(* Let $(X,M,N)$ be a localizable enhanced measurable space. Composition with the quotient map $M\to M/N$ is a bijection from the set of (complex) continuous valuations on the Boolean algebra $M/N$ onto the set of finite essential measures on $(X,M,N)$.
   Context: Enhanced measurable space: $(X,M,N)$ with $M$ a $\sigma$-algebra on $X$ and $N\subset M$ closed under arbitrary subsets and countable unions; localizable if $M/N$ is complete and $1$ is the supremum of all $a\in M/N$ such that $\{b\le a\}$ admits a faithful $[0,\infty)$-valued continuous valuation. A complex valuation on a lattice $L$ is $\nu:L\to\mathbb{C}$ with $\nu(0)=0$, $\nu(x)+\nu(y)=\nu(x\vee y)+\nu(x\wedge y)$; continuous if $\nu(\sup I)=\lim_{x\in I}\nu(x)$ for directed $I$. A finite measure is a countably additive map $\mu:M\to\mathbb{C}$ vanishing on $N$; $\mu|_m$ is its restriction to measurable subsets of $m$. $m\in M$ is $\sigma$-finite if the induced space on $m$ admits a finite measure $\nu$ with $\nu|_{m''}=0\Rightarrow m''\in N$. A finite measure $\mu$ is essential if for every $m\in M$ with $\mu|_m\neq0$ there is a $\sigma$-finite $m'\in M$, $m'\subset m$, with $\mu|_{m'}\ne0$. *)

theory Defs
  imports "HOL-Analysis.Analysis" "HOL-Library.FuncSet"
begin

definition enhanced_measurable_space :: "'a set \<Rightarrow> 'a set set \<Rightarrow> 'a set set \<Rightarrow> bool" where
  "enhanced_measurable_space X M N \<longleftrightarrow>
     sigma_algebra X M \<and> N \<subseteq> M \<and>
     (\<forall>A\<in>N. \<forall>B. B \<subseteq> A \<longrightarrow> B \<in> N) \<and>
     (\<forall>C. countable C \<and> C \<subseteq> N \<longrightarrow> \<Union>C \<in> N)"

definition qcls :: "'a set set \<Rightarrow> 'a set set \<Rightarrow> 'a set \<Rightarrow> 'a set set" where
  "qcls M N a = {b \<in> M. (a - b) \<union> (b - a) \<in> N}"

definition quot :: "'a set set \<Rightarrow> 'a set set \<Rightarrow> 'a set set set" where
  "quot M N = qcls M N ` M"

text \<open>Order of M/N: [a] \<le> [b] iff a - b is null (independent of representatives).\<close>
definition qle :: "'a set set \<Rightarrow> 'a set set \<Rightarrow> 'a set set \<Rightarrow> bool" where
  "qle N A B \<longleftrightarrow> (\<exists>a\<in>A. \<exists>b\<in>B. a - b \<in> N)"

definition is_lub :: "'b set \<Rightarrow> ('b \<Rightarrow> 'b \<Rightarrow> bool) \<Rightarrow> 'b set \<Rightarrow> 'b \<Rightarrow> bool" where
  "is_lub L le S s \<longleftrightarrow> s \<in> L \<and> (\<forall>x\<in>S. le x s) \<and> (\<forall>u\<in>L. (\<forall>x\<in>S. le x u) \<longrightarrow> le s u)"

...

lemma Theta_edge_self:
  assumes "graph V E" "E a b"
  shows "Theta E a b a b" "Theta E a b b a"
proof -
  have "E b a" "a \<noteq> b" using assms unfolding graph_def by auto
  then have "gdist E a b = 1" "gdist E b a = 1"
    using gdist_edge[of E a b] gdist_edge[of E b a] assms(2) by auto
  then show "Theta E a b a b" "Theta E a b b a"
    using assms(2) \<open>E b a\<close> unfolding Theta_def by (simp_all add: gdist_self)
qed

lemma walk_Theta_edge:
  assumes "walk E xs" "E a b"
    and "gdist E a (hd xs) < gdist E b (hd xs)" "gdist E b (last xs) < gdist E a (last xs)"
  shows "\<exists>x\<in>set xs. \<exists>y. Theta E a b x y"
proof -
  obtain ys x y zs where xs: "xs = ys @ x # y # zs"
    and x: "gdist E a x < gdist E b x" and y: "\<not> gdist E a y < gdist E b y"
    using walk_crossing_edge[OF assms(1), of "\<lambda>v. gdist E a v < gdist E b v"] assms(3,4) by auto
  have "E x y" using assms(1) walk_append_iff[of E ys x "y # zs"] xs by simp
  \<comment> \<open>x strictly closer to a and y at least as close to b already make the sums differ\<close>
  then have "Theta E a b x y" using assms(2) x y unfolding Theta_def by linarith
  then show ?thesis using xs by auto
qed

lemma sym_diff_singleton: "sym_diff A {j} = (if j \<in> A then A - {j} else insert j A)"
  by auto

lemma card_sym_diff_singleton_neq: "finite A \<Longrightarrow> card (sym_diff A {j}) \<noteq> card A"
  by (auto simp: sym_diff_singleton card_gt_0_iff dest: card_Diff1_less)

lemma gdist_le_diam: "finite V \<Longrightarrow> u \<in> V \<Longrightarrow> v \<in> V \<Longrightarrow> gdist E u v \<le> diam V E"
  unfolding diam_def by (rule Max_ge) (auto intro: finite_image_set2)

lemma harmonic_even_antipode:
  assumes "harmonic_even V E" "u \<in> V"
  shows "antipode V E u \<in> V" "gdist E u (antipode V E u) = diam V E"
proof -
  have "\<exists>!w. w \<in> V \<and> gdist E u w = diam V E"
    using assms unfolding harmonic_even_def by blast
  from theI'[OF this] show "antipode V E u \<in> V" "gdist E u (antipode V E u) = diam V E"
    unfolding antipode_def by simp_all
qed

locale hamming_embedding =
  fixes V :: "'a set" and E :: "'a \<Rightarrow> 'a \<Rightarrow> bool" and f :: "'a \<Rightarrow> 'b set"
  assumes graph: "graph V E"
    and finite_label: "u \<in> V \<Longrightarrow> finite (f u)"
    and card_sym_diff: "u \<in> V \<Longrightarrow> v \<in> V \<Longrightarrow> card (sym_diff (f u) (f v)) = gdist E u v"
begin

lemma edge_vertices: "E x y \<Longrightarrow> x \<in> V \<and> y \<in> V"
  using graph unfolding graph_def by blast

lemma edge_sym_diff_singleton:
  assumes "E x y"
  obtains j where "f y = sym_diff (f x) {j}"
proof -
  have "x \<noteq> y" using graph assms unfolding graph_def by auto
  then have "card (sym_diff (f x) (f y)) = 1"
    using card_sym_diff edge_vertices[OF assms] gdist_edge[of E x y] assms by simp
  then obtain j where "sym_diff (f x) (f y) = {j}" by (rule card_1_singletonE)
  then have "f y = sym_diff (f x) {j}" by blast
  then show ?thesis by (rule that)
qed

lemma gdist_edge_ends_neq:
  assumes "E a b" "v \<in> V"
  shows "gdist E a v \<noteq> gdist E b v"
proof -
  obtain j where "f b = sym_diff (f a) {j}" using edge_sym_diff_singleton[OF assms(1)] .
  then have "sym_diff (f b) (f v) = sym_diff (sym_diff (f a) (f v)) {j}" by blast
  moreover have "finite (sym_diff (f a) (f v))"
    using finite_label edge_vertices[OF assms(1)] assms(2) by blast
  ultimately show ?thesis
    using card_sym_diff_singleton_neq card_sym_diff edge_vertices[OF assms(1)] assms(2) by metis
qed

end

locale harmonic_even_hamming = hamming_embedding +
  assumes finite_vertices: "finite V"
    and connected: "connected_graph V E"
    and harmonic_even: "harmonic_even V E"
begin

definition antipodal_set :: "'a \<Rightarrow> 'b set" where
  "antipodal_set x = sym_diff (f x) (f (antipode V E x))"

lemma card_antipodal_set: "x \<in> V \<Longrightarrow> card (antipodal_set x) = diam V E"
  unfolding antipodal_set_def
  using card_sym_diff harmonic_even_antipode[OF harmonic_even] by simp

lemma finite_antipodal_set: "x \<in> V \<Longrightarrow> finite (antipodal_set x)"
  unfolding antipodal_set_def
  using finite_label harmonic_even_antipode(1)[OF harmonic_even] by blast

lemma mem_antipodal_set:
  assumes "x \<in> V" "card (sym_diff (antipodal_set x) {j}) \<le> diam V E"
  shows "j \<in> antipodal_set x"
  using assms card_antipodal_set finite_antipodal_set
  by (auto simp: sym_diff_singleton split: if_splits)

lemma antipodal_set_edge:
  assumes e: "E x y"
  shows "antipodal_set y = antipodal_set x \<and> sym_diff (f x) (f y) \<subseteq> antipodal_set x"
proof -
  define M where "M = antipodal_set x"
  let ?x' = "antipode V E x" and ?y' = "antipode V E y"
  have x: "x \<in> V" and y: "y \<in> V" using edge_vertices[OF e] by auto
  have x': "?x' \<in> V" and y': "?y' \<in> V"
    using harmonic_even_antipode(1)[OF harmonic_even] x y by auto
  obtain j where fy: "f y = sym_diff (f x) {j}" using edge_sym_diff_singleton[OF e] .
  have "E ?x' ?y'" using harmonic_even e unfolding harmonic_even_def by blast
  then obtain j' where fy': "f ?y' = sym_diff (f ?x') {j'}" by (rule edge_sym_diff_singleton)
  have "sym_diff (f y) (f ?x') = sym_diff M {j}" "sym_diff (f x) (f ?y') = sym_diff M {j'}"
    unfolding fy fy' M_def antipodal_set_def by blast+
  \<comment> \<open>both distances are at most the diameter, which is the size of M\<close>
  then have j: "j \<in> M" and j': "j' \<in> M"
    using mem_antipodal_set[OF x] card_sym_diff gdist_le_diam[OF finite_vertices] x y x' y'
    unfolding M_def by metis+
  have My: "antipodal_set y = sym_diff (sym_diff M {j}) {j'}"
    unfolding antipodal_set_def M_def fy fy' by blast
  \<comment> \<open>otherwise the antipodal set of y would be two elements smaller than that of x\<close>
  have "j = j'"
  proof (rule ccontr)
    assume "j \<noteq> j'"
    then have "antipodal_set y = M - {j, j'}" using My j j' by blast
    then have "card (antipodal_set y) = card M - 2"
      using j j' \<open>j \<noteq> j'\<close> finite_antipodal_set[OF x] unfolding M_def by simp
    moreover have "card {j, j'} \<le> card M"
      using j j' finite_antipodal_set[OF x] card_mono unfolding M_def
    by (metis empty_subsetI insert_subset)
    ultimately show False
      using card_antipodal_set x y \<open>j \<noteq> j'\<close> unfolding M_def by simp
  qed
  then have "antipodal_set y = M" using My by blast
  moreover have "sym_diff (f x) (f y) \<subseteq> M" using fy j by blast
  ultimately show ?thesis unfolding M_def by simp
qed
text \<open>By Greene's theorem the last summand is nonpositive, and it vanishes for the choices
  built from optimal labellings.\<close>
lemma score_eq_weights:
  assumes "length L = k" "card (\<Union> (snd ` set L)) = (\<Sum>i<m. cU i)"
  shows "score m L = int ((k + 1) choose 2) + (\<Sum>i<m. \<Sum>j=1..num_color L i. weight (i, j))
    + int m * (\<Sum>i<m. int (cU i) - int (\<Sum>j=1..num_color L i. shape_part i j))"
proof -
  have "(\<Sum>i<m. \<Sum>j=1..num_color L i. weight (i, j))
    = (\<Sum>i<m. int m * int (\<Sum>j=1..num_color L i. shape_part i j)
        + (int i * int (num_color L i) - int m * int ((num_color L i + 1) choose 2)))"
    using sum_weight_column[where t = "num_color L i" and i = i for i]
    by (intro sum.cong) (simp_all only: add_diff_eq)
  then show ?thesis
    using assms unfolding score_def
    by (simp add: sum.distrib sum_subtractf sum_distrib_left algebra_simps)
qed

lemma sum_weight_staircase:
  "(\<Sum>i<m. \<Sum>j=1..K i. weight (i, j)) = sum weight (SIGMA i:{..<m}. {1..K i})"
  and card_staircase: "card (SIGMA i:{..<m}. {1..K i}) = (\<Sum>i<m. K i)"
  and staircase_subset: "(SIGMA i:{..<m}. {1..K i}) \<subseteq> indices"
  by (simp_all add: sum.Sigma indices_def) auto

Your goal:
Give back, word for word, only the lines above from the line holding "proof (rule ccontr)" to the line holding "using j j' finite_antipodal_set[OF", both included.

Exercise output:
  proof (rule ccontr)
    assume "j \<noteq> j'"
    then have "antipodal_set y = M - {j, j'}" using My j j' by blast
    then have "card (antipodal_set y) = card M - 2"
      using j j' \<open>j \<noteq> j'\<close> finite_antipodal_set[OF x] unfolding M_def by simp
    moreover have "card {j, j'} \<le> card M"
      using j j' finite_antipodal_set[OF x] card_mono unfolding M_def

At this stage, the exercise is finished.